What is needed
Among the entries below, find the lines with "allI" and copy them.

--------------------------------

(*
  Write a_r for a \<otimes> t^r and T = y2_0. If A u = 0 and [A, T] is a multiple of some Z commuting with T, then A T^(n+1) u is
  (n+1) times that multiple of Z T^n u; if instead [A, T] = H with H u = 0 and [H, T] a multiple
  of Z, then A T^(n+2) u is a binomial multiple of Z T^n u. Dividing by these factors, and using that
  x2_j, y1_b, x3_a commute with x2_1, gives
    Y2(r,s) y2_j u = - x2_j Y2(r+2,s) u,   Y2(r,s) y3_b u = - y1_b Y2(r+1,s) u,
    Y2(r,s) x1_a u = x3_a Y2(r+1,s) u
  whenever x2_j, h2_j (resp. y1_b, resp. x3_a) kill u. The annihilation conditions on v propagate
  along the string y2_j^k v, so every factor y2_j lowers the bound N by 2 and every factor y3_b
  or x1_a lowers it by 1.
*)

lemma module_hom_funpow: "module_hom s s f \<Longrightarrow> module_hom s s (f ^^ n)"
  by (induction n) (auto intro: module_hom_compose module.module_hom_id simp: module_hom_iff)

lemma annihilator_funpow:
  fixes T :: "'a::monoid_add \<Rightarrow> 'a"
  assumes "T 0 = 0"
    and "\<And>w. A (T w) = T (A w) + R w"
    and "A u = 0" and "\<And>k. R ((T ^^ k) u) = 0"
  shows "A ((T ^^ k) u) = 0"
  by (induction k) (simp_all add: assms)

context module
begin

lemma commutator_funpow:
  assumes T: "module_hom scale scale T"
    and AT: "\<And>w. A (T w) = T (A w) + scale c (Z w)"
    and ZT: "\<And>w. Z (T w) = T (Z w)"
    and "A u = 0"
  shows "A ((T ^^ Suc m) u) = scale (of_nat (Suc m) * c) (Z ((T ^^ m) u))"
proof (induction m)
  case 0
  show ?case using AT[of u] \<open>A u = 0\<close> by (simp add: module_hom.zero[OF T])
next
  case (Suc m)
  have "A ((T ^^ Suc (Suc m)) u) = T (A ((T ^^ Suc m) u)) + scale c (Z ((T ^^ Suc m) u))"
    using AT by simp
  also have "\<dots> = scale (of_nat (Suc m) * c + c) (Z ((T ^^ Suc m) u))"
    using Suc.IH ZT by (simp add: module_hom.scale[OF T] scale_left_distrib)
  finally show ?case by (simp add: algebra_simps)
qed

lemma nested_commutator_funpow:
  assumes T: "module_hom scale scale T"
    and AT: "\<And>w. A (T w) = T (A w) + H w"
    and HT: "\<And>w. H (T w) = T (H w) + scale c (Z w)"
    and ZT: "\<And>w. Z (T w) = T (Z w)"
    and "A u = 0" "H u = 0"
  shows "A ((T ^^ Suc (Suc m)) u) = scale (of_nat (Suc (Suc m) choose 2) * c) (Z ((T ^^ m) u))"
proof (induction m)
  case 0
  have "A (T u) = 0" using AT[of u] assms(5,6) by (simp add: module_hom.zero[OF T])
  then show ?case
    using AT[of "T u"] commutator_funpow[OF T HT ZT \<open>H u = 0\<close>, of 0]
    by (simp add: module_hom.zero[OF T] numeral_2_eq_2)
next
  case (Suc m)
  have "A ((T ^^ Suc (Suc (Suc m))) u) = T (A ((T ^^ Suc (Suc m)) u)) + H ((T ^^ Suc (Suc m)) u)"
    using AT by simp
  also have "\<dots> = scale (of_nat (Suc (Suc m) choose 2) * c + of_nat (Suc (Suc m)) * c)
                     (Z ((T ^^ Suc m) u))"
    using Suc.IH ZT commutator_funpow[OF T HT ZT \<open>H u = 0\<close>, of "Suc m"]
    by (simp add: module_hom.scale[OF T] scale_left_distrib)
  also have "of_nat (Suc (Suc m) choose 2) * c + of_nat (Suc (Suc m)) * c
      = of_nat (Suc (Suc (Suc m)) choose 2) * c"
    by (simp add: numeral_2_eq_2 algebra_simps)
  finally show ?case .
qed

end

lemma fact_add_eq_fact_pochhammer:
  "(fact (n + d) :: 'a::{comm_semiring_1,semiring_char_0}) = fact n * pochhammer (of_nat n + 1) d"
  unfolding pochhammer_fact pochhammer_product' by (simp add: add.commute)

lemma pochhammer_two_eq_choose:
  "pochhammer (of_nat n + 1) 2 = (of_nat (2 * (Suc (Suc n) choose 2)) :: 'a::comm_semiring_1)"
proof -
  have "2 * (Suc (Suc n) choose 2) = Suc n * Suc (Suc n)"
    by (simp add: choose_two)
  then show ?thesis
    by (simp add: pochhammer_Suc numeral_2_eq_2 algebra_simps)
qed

--------------------------------

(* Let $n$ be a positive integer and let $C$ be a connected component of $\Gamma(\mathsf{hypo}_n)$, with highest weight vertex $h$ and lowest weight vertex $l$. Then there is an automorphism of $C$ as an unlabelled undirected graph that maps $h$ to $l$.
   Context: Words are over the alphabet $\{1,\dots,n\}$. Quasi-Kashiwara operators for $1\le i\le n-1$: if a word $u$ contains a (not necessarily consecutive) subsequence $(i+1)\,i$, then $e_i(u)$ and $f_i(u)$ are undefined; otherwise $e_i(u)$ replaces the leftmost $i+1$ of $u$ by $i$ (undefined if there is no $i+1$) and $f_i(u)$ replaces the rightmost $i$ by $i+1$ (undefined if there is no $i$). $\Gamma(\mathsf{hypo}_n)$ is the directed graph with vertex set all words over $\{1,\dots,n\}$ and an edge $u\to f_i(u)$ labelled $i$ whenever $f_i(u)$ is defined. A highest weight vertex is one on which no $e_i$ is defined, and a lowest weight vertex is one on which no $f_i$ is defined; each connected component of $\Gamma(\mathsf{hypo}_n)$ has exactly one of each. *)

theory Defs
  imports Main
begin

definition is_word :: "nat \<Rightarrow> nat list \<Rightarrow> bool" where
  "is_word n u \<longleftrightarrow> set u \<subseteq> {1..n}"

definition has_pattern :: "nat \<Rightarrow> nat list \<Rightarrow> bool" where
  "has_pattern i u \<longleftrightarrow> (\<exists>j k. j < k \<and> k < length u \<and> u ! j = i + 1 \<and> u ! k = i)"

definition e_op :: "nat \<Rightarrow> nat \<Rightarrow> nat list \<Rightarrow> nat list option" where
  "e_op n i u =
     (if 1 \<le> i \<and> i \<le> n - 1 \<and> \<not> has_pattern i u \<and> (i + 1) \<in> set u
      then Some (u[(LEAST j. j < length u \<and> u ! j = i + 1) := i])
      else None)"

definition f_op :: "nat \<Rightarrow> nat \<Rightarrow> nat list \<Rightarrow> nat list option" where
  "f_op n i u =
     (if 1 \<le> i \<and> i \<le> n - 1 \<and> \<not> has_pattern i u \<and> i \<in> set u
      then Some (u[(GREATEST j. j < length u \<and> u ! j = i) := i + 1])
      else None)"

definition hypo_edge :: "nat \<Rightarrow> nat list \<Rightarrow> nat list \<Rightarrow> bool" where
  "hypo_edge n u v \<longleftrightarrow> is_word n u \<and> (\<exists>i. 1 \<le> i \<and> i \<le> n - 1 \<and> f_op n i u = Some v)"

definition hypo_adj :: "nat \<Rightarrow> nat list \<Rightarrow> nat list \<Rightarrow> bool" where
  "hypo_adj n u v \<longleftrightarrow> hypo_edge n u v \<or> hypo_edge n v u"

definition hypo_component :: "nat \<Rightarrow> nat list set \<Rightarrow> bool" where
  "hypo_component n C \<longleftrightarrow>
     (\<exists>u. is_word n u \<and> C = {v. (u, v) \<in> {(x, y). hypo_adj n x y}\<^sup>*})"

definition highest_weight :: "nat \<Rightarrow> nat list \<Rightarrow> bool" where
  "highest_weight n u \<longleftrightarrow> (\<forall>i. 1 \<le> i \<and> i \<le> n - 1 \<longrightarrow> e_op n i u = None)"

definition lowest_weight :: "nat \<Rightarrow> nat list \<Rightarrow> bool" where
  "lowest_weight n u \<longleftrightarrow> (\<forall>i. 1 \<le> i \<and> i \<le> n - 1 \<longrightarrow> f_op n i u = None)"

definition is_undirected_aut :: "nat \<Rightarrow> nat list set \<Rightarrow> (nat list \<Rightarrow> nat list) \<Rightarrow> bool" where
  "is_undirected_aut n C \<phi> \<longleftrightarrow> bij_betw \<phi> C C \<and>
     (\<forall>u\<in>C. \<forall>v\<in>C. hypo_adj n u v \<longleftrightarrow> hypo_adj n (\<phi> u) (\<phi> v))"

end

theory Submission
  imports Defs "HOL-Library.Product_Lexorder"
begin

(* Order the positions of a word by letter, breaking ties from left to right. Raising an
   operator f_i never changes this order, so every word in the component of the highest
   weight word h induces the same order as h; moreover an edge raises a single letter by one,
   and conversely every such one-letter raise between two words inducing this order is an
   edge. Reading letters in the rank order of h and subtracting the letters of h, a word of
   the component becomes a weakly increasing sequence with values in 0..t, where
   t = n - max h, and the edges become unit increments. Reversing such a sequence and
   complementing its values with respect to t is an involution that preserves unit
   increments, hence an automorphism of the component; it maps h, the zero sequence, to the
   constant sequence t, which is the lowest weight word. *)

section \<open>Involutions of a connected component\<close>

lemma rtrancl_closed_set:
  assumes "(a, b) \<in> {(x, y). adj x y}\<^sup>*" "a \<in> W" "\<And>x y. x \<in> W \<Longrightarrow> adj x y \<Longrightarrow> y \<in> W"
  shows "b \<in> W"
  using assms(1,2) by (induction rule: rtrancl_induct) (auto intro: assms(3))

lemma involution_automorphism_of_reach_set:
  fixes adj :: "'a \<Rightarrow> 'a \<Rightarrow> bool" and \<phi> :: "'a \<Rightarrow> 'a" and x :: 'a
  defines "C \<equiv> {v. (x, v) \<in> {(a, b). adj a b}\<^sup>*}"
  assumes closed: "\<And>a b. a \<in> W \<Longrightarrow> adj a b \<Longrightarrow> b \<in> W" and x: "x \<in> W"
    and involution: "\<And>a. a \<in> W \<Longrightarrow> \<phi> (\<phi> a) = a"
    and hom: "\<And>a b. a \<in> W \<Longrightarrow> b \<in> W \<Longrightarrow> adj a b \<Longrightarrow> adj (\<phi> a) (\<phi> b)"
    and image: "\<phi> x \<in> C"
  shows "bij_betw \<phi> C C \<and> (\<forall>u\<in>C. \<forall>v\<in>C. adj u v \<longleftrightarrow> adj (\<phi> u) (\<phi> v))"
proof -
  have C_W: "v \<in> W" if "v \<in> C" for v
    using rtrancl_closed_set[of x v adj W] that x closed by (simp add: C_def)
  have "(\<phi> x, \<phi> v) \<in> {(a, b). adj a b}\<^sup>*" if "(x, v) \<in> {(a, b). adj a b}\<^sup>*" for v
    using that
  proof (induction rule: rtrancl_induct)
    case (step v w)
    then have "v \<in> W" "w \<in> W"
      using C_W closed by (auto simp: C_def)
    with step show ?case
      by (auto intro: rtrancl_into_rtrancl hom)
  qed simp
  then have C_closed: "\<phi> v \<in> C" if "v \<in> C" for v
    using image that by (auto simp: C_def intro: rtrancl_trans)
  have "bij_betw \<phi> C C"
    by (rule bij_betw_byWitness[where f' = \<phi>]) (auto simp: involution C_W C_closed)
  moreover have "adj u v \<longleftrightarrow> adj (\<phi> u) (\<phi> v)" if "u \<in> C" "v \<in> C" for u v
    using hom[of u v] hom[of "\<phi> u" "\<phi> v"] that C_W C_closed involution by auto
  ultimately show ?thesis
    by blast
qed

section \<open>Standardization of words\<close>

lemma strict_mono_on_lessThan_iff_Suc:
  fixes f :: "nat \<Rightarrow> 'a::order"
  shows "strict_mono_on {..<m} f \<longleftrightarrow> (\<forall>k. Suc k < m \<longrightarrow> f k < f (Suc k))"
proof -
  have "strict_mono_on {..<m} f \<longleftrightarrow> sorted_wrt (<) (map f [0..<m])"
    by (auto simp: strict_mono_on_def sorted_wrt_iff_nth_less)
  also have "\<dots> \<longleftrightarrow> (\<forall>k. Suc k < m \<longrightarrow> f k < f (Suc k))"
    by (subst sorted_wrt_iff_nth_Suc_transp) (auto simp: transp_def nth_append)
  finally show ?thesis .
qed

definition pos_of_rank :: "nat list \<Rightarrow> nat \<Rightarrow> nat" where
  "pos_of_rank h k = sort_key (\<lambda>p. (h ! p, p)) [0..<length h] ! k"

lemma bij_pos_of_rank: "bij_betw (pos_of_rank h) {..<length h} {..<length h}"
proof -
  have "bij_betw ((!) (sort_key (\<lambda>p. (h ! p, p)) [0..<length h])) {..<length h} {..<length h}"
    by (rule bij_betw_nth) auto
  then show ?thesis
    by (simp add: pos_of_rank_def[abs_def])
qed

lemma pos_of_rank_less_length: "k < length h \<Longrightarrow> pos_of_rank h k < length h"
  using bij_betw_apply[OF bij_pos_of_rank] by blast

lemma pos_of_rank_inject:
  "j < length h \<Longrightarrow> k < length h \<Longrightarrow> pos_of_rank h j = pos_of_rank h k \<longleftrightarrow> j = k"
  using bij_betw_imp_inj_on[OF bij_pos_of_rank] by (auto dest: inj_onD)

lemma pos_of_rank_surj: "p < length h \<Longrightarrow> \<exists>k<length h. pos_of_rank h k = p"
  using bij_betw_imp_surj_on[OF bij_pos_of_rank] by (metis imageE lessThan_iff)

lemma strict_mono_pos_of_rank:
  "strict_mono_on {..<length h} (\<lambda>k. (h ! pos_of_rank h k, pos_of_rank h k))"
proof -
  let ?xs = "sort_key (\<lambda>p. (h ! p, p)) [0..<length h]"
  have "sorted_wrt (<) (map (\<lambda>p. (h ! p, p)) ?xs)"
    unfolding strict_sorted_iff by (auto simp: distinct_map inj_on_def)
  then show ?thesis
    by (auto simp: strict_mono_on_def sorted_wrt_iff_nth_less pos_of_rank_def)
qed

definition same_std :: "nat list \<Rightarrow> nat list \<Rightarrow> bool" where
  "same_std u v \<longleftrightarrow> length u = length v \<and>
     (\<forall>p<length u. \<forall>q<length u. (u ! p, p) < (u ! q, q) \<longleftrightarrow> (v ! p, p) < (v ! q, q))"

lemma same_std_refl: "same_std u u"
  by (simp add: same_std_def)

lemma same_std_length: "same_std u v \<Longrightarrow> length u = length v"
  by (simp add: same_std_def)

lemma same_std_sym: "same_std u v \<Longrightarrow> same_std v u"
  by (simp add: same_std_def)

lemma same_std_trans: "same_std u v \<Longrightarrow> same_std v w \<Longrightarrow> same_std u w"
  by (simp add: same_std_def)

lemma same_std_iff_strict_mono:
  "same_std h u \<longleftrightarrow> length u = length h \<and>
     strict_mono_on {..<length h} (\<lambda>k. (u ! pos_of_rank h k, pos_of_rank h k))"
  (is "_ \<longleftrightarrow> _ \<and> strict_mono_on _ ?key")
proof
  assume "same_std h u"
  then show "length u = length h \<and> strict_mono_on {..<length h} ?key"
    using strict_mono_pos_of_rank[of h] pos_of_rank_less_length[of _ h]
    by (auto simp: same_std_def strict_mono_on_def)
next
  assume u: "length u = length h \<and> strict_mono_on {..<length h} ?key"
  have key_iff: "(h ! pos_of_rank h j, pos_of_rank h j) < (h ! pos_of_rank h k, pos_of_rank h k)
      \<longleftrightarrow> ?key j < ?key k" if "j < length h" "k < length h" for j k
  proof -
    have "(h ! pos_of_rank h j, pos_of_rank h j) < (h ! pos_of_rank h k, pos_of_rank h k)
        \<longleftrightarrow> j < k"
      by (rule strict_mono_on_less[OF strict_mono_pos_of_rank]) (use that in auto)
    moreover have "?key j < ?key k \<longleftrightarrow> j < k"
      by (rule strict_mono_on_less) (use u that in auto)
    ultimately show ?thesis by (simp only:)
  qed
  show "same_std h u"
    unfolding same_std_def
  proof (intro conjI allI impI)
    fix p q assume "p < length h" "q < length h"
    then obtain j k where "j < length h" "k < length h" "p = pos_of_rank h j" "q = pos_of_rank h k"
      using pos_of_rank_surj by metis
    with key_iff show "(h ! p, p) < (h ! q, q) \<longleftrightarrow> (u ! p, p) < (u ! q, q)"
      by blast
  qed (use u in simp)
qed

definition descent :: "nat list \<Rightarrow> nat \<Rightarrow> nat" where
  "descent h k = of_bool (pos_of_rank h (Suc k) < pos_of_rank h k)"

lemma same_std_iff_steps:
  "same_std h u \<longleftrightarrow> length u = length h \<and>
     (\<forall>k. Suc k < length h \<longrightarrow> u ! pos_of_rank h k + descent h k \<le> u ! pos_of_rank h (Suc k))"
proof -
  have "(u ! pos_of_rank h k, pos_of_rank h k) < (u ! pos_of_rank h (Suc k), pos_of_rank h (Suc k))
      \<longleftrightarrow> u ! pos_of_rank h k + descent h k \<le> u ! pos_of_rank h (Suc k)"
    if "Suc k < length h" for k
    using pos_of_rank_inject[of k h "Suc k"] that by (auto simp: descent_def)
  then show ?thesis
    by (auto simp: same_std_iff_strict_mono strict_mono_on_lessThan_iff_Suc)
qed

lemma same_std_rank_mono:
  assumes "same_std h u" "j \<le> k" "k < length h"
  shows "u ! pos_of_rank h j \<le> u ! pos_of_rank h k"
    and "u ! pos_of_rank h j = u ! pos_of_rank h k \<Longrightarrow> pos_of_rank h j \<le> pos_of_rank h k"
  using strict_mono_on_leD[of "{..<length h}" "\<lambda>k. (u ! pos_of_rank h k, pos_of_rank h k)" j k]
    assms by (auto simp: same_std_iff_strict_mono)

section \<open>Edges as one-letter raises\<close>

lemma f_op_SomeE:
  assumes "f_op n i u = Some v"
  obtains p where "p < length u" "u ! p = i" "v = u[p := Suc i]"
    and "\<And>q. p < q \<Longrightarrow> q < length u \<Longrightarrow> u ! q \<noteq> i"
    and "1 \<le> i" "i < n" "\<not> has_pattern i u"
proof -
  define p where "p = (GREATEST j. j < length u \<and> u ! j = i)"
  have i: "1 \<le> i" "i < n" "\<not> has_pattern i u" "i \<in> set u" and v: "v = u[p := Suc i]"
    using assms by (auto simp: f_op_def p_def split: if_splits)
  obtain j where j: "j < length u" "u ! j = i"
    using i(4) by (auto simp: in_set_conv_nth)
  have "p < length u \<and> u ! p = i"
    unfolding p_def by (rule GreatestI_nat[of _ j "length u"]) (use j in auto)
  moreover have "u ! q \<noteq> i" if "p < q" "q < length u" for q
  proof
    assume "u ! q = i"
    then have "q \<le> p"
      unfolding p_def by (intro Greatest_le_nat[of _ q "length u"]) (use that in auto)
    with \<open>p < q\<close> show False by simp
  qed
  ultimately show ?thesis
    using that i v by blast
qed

--------------------------------

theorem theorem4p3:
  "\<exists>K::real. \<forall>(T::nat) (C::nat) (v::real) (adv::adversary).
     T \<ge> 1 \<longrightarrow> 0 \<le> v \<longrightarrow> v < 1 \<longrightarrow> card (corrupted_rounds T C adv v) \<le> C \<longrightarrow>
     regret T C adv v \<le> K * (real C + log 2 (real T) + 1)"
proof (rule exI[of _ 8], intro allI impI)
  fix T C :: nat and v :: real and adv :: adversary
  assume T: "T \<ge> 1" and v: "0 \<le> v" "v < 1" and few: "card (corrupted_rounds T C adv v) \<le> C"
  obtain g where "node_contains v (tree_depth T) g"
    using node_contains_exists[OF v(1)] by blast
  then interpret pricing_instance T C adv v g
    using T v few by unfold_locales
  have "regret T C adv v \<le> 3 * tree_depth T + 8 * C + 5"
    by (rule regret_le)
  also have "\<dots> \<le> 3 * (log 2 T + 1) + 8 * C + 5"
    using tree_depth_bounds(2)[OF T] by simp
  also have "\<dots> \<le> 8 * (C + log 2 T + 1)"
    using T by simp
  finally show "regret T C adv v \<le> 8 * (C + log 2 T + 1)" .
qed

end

--------------------------------

Solution
  proof (intro conjI allI impI)
proof (rule exI[of _ 8], intro allI impI)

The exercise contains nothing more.